* Exercise details
When the line containing "M (\<lambda>x. \<bar>f" appears in the data below, begin copying there and stop only after the line containing "using f2 g2 by simp".

* Information shown
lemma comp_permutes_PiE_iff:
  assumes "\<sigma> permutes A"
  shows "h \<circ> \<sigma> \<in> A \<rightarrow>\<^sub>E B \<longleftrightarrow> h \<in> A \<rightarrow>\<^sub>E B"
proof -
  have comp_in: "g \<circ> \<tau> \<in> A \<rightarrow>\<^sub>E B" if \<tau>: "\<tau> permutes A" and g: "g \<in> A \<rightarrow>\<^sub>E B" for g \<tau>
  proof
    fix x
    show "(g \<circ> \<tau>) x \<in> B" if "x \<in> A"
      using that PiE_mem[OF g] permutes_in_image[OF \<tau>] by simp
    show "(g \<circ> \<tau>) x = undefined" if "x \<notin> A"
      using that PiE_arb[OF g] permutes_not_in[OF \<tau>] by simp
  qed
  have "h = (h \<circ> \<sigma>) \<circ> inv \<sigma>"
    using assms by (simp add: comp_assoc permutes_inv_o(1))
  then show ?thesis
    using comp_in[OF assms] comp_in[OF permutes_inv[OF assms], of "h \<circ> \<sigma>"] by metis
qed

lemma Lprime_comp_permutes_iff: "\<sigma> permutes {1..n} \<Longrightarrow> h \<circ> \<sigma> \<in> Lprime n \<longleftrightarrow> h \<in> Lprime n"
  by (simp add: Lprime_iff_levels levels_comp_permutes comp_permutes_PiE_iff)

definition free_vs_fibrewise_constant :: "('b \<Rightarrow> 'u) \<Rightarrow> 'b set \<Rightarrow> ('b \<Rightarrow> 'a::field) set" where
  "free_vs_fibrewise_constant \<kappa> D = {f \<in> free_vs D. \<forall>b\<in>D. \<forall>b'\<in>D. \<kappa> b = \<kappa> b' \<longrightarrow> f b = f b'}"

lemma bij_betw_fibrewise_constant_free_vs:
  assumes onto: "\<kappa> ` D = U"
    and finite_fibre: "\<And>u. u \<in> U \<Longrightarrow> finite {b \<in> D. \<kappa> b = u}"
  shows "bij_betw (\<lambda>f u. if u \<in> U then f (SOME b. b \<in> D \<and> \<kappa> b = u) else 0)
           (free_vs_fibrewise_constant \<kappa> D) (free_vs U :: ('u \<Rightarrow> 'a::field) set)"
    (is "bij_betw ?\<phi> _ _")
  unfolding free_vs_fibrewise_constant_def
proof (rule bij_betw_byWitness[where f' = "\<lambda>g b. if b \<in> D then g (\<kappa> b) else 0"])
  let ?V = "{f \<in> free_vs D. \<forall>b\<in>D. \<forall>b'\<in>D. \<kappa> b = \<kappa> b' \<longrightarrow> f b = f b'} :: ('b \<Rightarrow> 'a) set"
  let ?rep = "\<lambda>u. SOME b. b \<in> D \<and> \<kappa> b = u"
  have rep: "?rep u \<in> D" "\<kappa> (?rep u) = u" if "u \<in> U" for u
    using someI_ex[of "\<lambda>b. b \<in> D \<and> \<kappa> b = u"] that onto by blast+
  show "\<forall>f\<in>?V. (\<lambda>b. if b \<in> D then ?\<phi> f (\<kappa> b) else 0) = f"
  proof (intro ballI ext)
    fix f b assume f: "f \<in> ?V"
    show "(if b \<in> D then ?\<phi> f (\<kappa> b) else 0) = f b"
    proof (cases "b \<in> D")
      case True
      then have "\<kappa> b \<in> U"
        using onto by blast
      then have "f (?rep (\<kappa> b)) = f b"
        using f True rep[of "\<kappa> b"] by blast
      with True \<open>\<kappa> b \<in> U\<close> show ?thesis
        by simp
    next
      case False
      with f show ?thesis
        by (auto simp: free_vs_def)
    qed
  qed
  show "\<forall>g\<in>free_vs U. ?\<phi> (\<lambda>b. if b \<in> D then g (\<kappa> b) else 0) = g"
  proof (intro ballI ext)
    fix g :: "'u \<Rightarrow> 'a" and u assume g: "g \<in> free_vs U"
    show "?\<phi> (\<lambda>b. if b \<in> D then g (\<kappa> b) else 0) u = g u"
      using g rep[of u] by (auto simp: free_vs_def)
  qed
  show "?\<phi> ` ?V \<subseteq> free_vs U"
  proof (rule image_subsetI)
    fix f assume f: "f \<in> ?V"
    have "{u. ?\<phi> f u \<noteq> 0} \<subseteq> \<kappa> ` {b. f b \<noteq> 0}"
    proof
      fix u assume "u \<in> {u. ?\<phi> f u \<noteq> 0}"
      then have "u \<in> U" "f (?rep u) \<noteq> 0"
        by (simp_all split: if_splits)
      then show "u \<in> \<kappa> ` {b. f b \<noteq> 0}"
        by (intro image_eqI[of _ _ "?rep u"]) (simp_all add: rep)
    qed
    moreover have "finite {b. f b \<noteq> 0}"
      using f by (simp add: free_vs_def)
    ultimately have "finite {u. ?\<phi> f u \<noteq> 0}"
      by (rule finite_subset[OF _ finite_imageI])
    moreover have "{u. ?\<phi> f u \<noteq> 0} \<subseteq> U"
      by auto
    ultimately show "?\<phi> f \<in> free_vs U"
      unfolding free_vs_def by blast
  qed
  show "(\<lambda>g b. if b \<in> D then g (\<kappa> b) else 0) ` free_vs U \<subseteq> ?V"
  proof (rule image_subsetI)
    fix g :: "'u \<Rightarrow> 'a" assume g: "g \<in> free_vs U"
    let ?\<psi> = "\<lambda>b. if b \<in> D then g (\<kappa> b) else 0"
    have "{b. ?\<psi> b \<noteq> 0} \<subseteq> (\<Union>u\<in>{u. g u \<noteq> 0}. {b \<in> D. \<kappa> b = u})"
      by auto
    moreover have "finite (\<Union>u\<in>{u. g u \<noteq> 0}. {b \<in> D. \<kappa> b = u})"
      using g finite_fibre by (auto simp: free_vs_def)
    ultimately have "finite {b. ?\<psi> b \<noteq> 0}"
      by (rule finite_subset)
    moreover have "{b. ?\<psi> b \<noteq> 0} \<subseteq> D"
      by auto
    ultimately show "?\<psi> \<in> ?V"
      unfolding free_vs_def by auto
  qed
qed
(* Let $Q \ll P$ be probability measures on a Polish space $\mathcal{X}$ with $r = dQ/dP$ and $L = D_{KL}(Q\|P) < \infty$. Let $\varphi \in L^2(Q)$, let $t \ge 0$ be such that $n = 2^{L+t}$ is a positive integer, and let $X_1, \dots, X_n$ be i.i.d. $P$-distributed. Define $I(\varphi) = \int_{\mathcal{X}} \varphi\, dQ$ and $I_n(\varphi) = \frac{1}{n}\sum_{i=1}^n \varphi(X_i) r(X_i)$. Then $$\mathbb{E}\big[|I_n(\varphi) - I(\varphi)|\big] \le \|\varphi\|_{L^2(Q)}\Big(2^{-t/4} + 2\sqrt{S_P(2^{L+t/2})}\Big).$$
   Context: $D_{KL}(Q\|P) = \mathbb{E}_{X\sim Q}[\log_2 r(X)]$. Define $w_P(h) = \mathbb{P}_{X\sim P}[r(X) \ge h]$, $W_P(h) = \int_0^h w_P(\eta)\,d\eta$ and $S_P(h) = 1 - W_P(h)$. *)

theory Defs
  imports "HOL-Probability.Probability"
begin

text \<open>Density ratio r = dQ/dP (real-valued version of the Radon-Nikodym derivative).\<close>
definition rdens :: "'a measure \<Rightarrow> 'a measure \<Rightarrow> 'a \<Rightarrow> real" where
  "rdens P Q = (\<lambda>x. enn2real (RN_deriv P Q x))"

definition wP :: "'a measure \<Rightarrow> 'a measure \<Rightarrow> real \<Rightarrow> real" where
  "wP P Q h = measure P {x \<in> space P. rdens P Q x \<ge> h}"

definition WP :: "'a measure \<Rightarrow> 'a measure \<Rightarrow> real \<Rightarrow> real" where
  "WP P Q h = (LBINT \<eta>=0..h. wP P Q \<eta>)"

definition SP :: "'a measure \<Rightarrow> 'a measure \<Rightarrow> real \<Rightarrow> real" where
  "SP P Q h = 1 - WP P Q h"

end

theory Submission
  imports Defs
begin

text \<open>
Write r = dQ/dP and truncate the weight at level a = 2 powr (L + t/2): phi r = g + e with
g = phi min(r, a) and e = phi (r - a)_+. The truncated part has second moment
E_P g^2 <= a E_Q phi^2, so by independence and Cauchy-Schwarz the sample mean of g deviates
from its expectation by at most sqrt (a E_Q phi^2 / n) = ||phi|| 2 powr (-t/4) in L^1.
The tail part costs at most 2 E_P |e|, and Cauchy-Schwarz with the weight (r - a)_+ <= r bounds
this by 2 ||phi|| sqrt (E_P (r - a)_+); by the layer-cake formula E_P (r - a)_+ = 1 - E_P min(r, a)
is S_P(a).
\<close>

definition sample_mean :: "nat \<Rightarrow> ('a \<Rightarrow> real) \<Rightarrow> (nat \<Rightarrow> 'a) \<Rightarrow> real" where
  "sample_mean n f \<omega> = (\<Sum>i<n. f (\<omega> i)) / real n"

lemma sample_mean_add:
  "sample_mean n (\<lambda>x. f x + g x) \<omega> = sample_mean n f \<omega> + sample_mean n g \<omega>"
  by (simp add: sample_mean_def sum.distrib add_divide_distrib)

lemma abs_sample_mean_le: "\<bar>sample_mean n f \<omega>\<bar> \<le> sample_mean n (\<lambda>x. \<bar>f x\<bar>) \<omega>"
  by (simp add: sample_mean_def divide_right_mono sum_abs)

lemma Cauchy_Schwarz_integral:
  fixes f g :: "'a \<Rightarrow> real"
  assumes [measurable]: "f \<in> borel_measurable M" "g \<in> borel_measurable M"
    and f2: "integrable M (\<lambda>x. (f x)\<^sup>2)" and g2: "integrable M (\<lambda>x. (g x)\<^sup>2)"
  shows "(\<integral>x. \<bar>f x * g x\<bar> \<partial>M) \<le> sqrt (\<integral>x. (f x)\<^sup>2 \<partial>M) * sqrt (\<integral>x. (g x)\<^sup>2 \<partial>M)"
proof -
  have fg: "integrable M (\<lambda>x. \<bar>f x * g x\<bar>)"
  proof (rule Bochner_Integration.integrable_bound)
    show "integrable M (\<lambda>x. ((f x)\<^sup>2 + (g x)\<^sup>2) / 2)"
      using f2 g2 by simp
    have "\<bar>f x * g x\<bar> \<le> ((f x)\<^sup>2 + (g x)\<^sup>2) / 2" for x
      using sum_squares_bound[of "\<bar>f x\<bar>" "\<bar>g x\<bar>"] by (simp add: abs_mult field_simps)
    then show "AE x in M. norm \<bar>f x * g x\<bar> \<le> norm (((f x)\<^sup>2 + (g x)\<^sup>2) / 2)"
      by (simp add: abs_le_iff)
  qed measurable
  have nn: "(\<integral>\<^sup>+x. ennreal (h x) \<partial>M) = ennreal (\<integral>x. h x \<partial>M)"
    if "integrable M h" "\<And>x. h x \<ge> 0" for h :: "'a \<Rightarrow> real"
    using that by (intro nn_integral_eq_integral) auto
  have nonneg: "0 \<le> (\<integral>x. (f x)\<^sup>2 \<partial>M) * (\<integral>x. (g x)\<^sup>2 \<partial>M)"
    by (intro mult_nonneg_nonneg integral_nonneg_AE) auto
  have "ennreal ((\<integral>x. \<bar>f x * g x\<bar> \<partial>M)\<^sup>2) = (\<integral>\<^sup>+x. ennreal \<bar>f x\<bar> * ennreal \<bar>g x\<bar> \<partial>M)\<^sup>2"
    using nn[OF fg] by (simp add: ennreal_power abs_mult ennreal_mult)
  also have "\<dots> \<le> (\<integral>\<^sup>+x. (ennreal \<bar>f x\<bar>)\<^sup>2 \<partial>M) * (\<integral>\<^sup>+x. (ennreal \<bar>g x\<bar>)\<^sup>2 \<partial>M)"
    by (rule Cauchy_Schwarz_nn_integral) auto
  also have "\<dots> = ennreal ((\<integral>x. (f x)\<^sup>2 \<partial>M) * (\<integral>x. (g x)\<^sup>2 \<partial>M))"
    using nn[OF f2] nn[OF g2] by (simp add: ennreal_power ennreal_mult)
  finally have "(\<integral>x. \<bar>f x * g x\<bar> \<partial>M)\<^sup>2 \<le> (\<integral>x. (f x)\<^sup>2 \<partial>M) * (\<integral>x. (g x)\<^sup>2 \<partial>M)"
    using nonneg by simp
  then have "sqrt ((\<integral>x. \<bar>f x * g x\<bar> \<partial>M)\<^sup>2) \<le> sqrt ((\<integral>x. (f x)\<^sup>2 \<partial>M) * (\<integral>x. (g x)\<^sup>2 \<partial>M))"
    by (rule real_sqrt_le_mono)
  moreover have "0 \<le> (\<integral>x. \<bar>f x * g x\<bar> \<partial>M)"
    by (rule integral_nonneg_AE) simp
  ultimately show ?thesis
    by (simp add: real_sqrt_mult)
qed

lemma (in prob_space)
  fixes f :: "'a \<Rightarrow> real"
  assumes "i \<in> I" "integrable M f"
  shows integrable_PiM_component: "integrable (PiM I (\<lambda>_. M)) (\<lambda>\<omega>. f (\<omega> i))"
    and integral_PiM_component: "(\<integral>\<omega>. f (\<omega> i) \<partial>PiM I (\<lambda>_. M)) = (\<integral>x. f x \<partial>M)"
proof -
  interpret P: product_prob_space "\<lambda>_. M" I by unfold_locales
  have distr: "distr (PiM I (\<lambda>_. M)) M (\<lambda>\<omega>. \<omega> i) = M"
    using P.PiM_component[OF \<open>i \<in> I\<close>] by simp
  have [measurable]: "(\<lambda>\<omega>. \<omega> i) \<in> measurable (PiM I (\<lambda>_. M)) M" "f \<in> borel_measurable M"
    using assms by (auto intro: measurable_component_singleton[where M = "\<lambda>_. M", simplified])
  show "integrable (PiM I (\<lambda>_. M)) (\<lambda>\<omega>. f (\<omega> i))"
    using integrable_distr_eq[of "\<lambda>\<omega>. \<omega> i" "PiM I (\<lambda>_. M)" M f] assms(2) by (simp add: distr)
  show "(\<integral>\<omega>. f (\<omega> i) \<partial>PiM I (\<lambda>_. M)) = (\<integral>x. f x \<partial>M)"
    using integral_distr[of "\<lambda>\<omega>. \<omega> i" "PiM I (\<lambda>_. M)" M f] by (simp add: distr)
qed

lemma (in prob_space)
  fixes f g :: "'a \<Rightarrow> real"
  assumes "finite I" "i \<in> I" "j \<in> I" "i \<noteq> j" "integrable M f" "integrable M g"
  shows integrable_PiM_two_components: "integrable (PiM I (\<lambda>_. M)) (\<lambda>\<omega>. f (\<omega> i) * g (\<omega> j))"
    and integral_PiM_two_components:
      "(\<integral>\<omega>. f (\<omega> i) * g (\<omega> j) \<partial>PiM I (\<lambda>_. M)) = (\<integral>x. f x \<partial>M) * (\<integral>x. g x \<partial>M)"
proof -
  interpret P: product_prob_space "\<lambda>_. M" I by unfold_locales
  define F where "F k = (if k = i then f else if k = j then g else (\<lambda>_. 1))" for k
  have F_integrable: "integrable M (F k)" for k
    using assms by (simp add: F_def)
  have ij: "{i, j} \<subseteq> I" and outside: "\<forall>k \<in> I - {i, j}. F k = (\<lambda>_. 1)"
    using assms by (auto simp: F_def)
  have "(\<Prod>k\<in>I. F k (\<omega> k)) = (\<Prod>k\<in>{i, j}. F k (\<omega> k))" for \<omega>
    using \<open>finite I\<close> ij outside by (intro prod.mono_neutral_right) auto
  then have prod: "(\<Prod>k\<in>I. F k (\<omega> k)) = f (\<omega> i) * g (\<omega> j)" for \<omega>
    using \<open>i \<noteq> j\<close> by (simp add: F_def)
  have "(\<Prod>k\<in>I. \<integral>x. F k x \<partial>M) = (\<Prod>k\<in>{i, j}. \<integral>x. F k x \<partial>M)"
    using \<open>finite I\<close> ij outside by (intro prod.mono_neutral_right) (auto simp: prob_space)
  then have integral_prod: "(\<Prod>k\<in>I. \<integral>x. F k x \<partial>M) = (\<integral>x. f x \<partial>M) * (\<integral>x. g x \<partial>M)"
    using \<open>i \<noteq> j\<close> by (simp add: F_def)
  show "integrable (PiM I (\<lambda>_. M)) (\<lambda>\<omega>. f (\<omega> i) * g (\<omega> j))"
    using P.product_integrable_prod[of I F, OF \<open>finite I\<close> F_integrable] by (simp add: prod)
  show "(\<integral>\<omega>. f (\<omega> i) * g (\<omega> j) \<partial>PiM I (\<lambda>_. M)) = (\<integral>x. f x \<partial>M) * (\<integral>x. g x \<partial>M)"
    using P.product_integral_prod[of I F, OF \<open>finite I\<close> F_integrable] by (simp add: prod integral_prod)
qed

* Expected answer
  have fg: "integrable M (\<lambda>x. \<bar>f x * g x\<bar>)"
  proof (rule Bochner_Integration.integrable_bound)
    show "integrable M (\<lambda>x. ((f x)\<^sup>2 + (g x)\<^sup>2) / 2)"
      using f2 g2 by simp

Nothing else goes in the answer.